**ACTIVITY**
Report the count of lines in the entries below that contain "definition", and leave out everything else.

**GIVEN INFORMATION**
lemma upcrossing_barrier:
  fixes h h' :: "real \<Rightarrow> real"
  assumes deriv: "\<And>t. t \<ge> S \<Longrightarrow> (h has_real_derivative h' t) (at t)"
    and crossing: "\<And>t. t \<ge> S \<Longrightarrow> h t = y \<Longrightarrow> h' t > 0"
    and "S \<le> s" "h s \<ge> y" "s \<le> s'"
  shows "h s' \<ge> y"
proof (rule ccontr)
  assume "\<not> h s' \<ge> y"
  define A where "A = {s..s'} \<inter> h -` {y..}"
  have cont: "isCont h t" if "t \<ge> S" for t using deriv[OF that] by (rule DERIV_isCont)
  have "closed A" unfolding A_def
    using \<open>S \<le> s\<close> cont by (intro continuous_closed_preimage continuous_at_imp_continuous_on) auto
  have bdd: "bdd_above A" unfolding A_def by (rule bdd_aboveI[of _ s']) auto
  \<comment> \<open>The last time \<sigma> in [s, s'] with h \<ge> y is a crossing of y, where h' > 0 contradicts maximality.\<close>
  define \<sigma> where "\<sigma> = Sup A"
  have "\<sigma> \<in> A" unfolding \<sigma>_def
    using \<open>closed A\<close> bdd assms(4,5) by (intro closed_contains_Sup) (auto simp: A_def)
  then have \<sigma>: "s \<le> \<sigma>" "\<sigma> \<le> s'" "h \<sigma> \<ge> y" by (auto simp: A_def)
  obtain z where z: "\<sigma> \<le> z" "z \<le> s'" "h z = y"
    using IVT2[of h s' y \<sigma>] \<sigma> \<open>\<not> h s' \<ge> y\<close> cont \<open>S \<le> s\<close> by force
  have "z \<le> \<sigma>" unfolding \<sigma>_def using z \<sigma> bdd by (intro cSup_upper) (auto simp: A_def)
  with z have "h \<sigma> = y" by simp
  with \<sigma>(2) \<open>\<not> h s' \<ge> y\<close> have "\<sigma> < s'" using order.order_iff_strict by fastforce
  have "S \<le> \<sigma>" using \<sigma>(1) \<open>S \<le> s\<close> by linarith
  obtain e where e: "e > 0" "\<forall>k>0. k < e \<longrightarrow> h \<sigma> < h (\<sigma> + k)"
    using DERIV_pos_inc_right[OF deriv[OF \<open>S \<le> \<sigma>\<close>] crossing[OF \<open>S \<le> \<sigma>\<close> \<open>h \<sigma> = y\<close>]] by blast
  define k where "k = min e (s' - \<sigma>) / 2"
  have "k > 0" "k < e" "\<sigma> + k \<le> s'" using e \<open>\<sigma> < s'\<close> by (auto simp: k_def min_def field_simps)
  then have "\<sigma> + k \<in> A" using e \<sigma> \<open>h \<sigma> = y\<close> by (auto simp: A_def)
  then have "\<sigma> + k \<le> \<sigma>" unfolding \<sigma>_def using bdd by (rule cSup_upper)
  then show False using \<open>k > 0\<close> by simp
qed
(* Let $H$ be a separable complex Hilbert space, $\{v_j\}_{j\in\mathbb N}$ an orthonormal basis of $H$, $\{w_j\}_{j\in\mathbb N}$ a set of unit vectors in $H$, and $N\ge1$. Let $p_N'$ be the orthogonal projection onto $H_N'=\operatorname{span}\{v_1,\dots,v_N\}$, let $\mathcal B_N=\{w_j\}_{1\le j\le N}\cup\{v_j\}_{j\ge N+1}$ and $\tilde{\mathcal B}_N=\{p_N'(w_1),\dots,p_N'(w_N)\}\cup\{v_j\}_{j\ge N+1}$. Then $\mathcal B_N$ is a Riesz basis of $H$ if and only if $\tilde{\mathcal B}_N$ is a Riesz basis of $H$.
   Context: A Riesz basis is a sequence $\{u_j\}$ such that there are $0<A\le B<\infty$ with $A\|f\|^2\le\sum_j|\langle f,u_j\rangle|^2\le B\|f\|^2$ for all $f\in H$ and $A\sum|a_j|^2\le\|\sum a_ju_j\|^2\le B\sum|a_j|^2$ for all finite coefficient sequences. *)

theory Defs
  imports "HOL-Analysis.Analysis"
begin

class complex_vector = real_vector +
  fixes scaleC :: "complex \<Rightarrow> 'a \<Rightarrow> 'a" (infixr "*\<^sub>C" 75)
  assumes scaleC_add_right: "a *\<^sub>C (x + y) = a *\<^sub>C x + a *\<^sub>C y"
    and scaleC_add_left: "(a + b) *\<^sub>C x = a *\<^sub>C x + b *\<^sub>C x"
    and scaleC_scaleC: "a *\<^sub>C (b *\<^sub>C x) = (a * b) *\<^sub>C x"
    and scaleC_one: "1 *\<^sub>C x = x"
    and scaleR_scaleC: "scaleR r x = complex_of_real r *\<^sub>C x"

class complex_inner = complex_vector + real_normed_vector +
  fixes cinner :: "'a \<Rightarrow> 'a \<Rightarrow> complex"
  assumes cinner_conj: "cinner x y = cnj (cinner y x)"
    and cinner_add_right: "cinner x (y + z) = cinner x y + cinner x z"
    and cinner_scaleC_right: "cinner x (a *\<^sub>C y) = a * cinner x y"
    and cinner_ge_zero: "0 \<le> Re (cinner x x)"
    and cinner_eq_zero_iff: "cinner x x = 0 \<longleftrightarrow> x = 0"
    and norm_eq_sqrt_cinner: "norm x = sqrt (Re (cinner x x))"

class chilbert_space = complex_inner + complete_space

definition cspan :: "'a::complex_vector set \<Rightarrow> 'a set" where
  "cspan S = {\<Sum>x\<in>F. c x *\<^sub>C x | F c. finite F \<and> F \<subseteq> S}"

definition orthonormal_basis :: "(nat \<Rightarrow> 'a::complex_inner) \<Rightarrow> bool" where
  "orthonormal_basis v \<longleftrightarrow>
     (\<forall>i j. cinner (v i) (v j) = (if i = j then 1 else 0)) \<and>
     closure (cspan (range v)) = UNIV"

definition orth_proj :: "'a::complex_inner set \<Rightarrow> 'a \<Rightarrow> 'a" where
  "orth_proj M x = (THE y. y \<in> M \<and> (\<forall>z\<in>M. cinner z (x - y) = 0))"

definition riesz_basis :: "(nat \<Rightarrow> 'a::complex_inner) \<Rightarrow> bool" where
  "riesz_basis u \<longleftrightarrow> (\<exists>A B. 0 < A \<and> A \<le> B \<and>
     (\<forall>f. summable (\<lambda>j. (cmod (cinner f (u j)))\<^sup>2) \<and>
          A * (norm f)\<^sup>2 \<le> (\<Sum>j. (cmod (cinner f (u j)))\<^sup>2) \<and>
          (\<Sum>j. (cmod (cinner f (u j)))\<^sup>2) \<le> B * (norm f)\<^sup>2) \<and>
     (\<forall>F a. finite F \<longrightarrow>
          A * (\<Sum>j\<in>F. (cmod (a j))\<^sup>2) \<le> (norm (\<Sum>j\<in>F. a j *\<^sub>C u j))\<^sup>2 \<and>
          (norm (\<Sum>j\<in>F. a j *\<^sub>C u j))\<^sup>2 \<le> B * (\<Sum>j\<in>F. (cmod (a j))\<^sup>2)))"

end

(*
  Write u for the family that agrees with the orthonormal basis v from index N on and with x
  below N. Then u is a Riesz basis if and only if the N x N matrix G k j = <v k, x j> is
  invertible. If G a = 0, the vector y = sum a j x j is orthogonal to v 0, ..., v (N - 1), so
  for K \<ge> N the residual of y after its first K Fourier terms is a finite combination of the u j
  whose first N coefficients are a; as these residuals tend to 0, the lower Riesz bound forces
  a = 0. Conversely, an inverse of G controls the first N coefficients of a combination, and
  the first N Fourier coefficients of a vector, through Bessel's inequality, while the remaining
  vectors are orthonormal. The projection onto span (v 0, ..., v (N - 1)) leaves every <v k, w j>
  with k < N unchanged, so both families in the theorem have the same matrix G.
*)

theory Submission
  imports Defs "Jordan_Normal_Form.Determinant"
begin

lemma scaleC_zero_left [simp]: "(0::complex) *\<^sub>C x = (0::'a::complex_vector)"
proof -
  have "(0::complex) *\<^sub>C x = 0 *\<^sub>C x + 0 *\<^sub>C x"
    by (metis add_0 scaleC_add_left)
  then show ?thesis by simp
qed
lemma suminf_ppr_select_infinity:
  fixes X :: "nat \<Rightarrow> ereal"
  assumes finite_point: "X i0 < \<infinity>"
    and locally_finite: "\<And>M::nat. finite {k. X k \<le> real M}"
    and no_ties: "\<And>k i. X k = del_index k X i \<Longrightarrow> X k = \<infinity>"
  shows "(\<Sum>k. ppr_select \<infinity> (X k) (del_index k X)) = 1"
proof -
  obtain M :: nat where M: "X i0 \<le> real M"
  proof (cases "X i0")
    case (real r)
    obtain M :: nat where "r \<le> real M" using real_arch_simple by blast
    then show ?thesis using that real by auto
  qed (use finite_point in auto)
  define S where "S = {k. X k \<le> real M}"
  have S: "finite S" "i0 \<in> S"
    using locally_finite M by (auto simp: S_def)
  then have "Min (X ` S) \<in> X ` S"
    by (intro Min_in) auto
  then obtain k0 where k0: "k0 \<in> S" "X k0 = Min (X ` S)"
    by auto
  have min: "X k0 \<le> X j" for j
  proof (cases "j \<in> S")
    case True
    then show ?thesis using k0(2) Min_le[OF finite_imageI[OF S(1)], of "X j"] by simp
  next
    case False
    then show ?thesis using k0(1) by (auto simp: S_def)
  qed
  have strict: "X k0 < X j" if "j \<noteq> k0" for j
  proof -
    have "X j = del_index k0 X (if j < k0 then j else j - 1)"
      using that by (auto simp: del_index_def)
    moreover have "X k0 \<noteq> \<infinity>"
      using k0(1) by (auto simp: S_def)
    ultimately have "X k0 \<noteq> X j"
      using no_ties[of k0] by force
    then show ?thesis using min[of j] by simp
  qed
  have "(\<forall>j. j \<noteq> k \<longrightarrow> X k < X j) \<longleftrightarrow> k = k0" for k
  proof
    assume "\<forall>j. j \<noteq> k \<longrightarrow> X k < X j"
    then show "k = k0" using strict[of k] less_asym by blast
  qed (use strict in auto)
  then have "ppr_select \<infinity> (X k) (del_index k X) = (if k = k0 then 1 else 0)" for k
    using all_del_index_iff[of k "\<lambda>x. X k < x" X] by (simp add: ppr_select_def)
  then have "(\<Sum>k. ppr_select \<infinity> (X k) (del_index k X)) = (\<Sum>k. if k = k0 then 1 else 0)"
    by (rule suminf_cong)
  also have "\<dots> = 1"
    by (subst suminf_finite[of "{k0}"]) auto
  finally show ?thesis .
qed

**SOLVED PROBLEM**
4